Each line of the data below that includes the string "metis" must be copied.

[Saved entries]
BEGIN

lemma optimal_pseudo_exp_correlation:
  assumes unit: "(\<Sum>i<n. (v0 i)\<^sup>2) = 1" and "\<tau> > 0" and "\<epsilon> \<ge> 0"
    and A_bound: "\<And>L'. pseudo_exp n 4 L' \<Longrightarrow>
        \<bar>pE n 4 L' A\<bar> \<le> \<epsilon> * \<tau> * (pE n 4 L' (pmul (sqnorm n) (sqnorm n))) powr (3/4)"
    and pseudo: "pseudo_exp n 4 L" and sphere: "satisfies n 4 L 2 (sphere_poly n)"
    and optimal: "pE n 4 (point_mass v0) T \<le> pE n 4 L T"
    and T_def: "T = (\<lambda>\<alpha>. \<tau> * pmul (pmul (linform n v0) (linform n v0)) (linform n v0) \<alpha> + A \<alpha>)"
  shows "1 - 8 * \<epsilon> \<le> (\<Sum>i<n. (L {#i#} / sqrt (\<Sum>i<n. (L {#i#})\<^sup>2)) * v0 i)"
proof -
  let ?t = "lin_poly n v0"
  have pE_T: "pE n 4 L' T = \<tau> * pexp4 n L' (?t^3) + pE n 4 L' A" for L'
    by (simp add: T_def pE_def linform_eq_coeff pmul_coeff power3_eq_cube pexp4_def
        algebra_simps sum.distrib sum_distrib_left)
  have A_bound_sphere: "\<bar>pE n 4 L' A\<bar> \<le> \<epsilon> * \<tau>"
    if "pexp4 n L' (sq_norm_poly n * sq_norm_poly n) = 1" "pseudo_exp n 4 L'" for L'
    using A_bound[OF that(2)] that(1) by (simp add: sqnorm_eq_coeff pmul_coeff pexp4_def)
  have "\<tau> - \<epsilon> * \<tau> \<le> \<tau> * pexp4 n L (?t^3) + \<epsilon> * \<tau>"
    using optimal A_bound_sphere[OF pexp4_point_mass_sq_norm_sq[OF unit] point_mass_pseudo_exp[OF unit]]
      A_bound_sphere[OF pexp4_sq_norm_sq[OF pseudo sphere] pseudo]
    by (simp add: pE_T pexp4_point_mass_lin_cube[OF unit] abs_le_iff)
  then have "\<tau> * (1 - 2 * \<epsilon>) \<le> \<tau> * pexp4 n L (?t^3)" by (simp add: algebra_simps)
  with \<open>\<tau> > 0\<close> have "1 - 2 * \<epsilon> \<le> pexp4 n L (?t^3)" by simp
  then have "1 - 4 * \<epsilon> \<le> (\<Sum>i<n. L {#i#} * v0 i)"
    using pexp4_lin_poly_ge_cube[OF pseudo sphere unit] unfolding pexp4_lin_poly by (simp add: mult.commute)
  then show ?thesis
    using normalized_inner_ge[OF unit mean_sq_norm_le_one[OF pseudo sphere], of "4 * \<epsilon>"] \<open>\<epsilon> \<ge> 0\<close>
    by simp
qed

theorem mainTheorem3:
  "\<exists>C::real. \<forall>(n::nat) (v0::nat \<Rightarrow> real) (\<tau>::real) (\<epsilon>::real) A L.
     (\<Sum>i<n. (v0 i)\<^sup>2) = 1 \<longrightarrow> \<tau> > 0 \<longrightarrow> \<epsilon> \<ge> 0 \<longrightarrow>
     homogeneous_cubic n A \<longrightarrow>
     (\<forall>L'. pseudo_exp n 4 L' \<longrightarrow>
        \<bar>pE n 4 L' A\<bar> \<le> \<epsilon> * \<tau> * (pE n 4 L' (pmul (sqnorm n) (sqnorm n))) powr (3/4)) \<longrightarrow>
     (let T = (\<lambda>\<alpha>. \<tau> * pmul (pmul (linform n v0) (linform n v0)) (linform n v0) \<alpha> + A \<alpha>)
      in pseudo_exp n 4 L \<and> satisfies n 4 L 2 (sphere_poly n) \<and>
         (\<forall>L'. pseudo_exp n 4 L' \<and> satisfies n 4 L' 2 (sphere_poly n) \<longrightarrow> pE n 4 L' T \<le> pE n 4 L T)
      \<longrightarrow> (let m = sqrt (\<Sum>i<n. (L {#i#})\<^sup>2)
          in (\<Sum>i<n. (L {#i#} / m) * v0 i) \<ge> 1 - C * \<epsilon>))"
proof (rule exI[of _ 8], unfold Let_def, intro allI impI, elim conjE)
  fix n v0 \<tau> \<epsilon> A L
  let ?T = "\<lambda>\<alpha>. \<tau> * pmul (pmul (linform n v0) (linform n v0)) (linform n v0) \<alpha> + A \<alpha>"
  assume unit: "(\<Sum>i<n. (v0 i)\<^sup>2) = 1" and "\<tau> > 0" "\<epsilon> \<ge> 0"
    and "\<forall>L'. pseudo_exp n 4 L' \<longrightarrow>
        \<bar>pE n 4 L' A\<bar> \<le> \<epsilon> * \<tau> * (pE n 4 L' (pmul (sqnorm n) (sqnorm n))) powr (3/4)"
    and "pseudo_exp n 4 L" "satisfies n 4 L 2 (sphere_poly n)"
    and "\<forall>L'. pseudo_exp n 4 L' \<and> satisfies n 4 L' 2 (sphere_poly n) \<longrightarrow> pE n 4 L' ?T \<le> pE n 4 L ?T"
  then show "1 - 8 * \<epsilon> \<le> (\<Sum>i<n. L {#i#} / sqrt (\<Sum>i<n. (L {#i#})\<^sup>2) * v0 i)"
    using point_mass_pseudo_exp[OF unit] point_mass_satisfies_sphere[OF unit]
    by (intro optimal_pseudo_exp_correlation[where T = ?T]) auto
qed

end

END
BEGIN

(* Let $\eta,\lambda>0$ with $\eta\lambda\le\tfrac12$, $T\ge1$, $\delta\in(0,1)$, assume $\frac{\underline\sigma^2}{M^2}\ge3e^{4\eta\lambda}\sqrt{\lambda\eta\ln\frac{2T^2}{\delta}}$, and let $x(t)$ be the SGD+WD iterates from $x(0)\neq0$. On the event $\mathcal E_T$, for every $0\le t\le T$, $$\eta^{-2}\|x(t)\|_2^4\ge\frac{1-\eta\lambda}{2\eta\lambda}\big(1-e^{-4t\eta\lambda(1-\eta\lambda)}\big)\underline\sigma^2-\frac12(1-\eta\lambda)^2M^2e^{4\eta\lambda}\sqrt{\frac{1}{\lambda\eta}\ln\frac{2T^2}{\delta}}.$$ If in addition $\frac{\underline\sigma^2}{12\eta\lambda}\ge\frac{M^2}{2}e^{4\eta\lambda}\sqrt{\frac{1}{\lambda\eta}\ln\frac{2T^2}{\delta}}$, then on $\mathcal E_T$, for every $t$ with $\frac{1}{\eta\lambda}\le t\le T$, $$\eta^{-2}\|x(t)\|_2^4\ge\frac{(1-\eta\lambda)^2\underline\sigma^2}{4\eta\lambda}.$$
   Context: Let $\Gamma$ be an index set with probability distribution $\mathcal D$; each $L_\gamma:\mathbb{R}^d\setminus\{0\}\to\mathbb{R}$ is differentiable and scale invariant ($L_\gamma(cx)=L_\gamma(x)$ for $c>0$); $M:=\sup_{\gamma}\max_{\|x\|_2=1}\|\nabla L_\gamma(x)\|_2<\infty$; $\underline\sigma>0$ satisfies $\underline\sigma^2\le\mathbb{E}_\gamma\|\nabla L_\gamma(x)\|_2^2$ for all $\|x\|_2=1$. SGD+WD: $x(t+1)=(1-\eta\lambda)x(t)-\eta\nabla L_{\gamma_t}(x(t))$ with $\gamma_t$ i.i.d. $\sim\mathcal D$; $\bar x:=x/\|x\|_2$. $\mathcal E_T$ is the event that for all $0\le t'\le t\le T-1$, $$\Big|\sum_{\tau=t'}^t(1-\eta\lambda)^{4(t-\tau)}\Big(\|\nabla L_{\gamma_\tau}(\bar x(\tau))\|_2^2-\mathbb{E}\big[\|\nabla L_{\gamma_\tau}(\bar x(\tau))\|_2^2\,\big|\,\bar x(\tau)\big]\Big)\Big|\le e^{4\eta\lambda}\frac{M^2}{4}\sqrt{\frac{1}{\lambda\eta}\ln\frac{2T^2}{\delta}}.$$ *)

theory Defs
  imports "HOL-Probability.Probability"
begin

END
BEGIN

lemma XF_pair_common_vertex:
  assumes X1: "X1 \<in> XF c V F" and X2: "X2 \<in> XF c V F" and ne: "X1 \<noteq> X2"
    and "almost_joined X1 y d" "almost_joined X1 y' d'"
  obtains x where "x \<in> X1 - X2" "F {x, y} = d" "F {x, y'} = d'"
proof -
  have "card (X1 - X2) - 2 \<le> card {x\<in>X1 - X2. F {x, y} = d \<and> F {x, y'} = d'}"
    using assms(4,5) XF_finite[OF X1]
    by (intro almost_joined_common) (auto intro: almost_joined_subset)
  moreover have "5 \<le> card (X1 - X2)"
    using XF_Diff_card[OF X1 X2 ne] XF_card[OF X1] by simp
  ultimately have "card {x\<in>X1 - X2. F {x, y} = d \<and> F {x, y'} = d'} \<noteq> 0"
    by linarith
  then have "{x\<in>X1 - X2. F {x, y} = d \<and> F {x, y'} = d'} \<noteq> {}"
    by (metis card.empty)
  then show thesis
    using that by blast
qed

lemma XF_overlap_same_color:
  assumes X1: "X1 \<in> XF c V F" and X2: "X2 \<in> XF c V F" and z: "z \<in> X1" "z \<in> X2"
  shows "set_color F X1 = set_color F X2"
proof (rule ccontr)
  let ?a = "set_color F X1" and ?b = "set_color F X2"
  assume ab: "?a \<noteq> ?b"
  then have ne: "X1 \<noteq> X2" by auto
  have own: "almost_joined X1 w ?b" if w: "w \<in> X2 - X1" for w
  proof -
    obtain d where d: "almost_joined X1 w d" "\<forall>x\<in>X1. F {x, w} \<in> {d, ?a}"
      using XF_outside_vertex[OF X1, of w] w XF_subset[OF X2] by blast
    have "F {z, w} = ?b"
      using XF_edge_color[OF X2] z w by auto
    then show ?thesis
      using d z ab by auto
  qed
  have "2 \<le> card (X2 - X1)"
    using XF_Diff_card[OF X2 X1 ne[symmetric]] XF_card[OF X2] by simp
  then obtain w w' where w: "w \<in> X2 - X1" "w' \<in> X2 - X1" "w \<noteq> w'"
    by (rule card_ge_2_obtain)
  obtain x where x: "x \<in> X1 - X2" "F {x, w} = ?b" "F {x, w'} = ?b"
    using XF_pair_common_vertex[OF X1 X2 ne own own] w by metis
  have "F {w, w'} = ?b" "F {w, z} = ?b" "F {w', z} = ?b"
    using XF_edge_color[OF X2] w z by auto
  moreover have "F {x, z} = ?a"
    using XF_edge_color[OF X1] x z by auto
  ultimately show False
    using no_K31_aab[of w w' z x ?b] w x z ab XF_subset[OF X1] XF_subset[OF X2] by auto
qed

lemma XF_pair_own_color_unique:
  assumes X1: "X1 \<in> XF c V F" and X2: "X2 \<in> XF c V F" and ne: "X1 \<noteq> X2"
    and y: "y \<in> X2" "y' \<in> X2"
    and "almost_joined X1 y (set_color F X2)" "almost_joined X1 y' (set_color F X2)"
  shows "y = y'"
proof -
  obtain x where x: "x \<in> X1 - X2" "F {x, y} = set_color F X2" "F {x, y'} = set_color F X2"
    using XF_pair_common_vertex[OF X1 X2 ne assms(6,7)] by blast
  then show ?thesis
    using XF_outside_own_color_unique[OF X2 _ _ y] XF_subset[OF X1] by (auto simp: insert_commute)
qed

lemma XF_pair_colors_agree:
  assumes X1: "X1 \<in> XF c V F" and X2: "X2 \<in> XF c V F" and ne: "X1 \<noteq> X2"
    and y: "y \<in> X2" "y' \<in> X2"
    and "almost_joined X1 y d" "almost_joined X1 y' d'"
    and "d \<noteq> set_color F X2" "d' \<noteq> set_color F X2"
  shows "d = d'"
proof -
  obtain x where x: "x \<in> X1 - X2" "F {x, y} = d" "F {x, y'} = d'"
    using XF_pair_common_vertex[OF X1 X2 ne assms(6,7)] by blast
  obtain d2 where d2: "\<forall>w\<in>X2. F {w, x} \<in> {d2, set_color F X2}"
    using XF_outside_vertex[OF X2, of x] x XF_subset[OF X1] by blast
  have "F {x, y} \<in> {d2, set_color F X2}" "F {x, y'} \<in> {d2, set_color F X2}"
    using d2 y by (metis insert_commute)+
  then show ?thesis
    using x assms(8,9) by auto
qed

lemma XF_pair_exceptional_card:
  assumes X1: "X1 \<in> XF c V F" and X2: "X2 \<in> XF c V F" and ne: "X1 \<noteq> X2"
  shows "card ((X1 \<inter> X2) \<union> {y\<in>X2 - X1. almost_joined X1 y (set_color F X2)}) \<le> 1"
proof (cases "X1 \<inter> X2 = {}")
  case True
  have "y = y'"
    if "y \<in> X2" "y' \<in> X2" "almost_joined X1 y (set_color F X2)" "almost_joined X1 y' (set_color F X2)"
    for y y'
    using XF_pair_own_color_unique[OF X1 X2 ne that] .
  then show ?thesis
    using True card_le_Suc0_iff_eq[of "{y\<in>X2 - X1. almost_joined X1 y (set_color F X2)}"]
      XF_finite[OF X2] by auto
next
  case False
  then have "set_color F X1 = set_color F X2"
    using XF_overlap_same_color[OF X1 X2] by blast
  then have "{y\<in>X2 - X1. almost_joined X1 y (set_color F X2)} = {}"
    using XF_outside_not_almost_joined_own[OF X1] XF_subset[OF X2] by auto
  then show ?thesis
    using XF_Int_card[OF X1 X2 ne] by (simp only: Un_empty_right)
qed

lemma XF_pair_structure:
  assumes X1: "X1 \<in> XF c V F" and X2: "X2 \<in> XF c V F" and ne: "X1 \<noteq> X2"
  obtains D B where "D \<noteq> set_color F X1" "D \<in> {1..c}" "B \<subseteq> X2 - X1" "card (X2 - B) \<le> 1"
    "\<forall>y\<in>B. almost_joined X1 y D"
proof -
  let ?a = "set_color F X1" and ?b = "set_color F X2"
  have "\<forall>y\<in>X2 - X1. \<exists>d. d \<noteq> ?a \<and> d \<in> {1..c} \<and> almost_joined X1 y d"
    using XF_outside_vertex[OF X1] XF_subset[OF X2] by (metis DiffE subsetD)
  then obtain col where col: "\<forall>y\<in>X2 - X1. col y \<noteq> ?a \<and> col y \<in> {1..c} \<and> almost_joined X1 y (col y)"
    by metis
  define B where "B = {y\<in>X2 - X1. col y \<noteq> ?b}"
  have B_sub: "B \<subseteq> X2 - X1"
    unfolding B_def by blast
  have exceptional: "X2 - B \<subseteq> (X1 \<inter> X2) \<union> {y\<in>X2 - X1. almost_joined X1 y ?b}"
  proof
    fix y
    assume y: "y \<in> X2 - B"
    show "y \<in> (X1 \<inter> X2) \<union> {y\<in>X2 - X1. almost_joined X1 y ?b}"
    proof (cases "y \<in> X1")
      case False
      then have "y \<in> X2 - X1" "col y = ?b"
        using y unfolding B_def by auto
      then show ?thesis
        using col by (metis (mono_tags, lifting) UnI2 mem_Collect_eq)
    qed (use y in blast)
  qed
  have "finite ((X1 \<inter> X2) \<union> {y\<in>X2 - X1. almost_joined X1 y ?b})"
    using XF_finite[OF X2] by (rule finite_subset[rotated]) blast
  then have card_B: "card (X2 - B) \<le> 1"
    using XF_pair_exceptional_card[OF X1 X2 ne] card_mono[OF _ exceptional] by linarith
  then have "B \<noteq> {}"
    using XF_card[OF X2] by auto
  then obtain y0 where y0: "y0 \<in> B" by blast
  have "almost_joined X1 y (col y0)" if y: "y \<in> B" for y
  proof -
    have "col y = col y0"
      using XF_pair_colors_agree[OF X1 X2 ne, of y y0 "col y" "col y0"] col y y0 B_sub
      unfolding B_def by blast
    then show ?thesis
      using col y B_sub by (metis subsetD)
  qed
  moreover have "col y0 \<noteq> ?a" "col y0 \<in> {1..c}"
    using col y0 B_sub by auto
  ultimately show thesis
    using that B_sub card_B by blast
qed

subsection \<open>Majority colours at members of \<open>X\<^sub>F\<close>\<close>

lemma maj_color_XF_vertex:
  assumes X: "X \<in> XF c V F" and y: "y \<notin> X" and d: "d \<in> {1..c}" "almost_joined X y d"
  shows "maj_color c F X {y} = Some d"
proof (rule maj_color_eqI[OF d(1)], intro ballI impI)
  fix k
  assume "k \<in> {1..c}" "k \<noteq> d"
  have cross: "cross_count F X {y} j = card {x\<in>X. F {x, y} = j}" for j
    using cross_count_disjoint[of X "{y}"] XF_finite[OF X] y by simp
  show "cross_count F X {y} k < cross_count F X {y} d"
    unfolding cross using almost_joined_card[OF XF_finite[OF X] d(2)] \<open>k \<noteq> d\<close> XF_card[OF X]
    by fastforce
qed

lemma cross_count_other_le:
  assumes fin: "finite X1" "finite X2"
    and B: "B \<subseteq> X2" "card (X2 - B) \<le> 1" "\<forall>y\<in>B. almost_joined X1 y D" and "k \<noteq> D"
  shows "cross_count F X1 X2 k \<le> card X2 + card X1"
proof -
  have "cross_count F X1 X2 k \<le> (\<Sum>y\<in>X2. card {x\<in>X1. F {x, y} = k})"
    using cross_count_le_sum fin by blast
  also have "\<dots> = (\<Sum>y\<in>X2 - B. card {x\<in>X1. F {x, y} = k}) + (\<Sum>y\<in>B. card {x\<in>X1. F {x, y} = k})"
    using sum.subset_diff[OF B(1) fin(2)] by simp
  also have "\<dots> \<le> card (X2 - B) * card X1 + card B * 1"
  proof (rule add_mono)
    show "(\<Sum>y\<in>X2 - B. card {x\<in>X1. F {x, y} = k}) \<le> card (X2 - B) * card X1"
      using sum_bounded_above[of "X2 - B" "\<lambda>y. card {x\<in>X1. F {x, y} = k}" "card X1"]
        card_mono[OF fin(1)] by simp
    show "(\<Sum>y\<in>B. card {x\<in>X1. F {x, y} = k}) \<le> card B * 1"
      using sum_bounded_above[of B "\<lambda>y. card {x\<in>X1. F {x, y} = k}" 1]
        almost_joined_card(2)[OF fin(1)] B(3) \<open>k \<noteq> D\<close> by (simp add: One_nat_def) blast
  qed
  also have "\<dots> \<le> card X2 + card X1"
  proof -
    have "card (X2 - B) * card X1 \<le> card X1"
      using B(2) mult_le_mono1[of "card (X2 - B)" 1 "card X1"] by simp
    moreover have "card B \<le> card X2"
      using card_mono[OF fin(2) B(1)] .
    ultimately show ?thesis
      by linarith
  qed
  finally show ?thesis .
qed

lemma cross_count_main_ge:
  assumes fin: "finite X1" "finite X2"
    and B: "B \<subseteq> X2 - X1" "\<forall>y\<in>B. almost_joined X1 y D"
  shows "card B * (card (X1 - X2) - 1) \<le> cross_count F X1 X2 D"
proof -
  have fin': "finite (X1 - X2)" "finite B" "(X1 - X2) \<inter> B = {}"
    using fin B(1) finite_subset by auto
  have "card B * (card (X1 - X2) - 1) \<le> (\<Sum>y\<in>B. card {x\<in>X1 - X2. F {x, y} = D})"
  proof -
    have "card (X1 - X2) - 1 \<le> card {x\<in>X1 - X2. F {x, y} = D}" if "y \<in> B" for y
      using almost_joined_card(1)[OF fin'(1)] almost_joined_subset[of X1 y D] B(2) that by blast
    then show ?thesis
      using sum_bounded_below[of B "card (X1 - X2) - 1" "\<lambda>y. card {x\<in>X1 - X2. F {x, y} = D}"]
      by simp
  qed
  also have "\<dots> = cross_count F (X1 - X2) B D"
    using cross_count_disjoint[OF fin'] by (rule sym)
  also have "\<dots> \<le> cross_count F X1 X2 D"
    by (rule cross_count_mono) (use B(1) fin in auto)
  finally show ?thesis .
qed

END

Task output:
    by (metis card.empty)
    using XF_pair_common_vertex[OF X1 X2 ne own own] w by metis
    using d2 y by (metis insert_commute)+
    using XF_outside_vertex[OF X1] XF_subset[OF X2] by (metis DiffE subsetD)
    by metis
        using col by (metis (mono_tags, lifting) UnI2 mem_Collect_eq)
      using col y B_sub by (metis subsetD)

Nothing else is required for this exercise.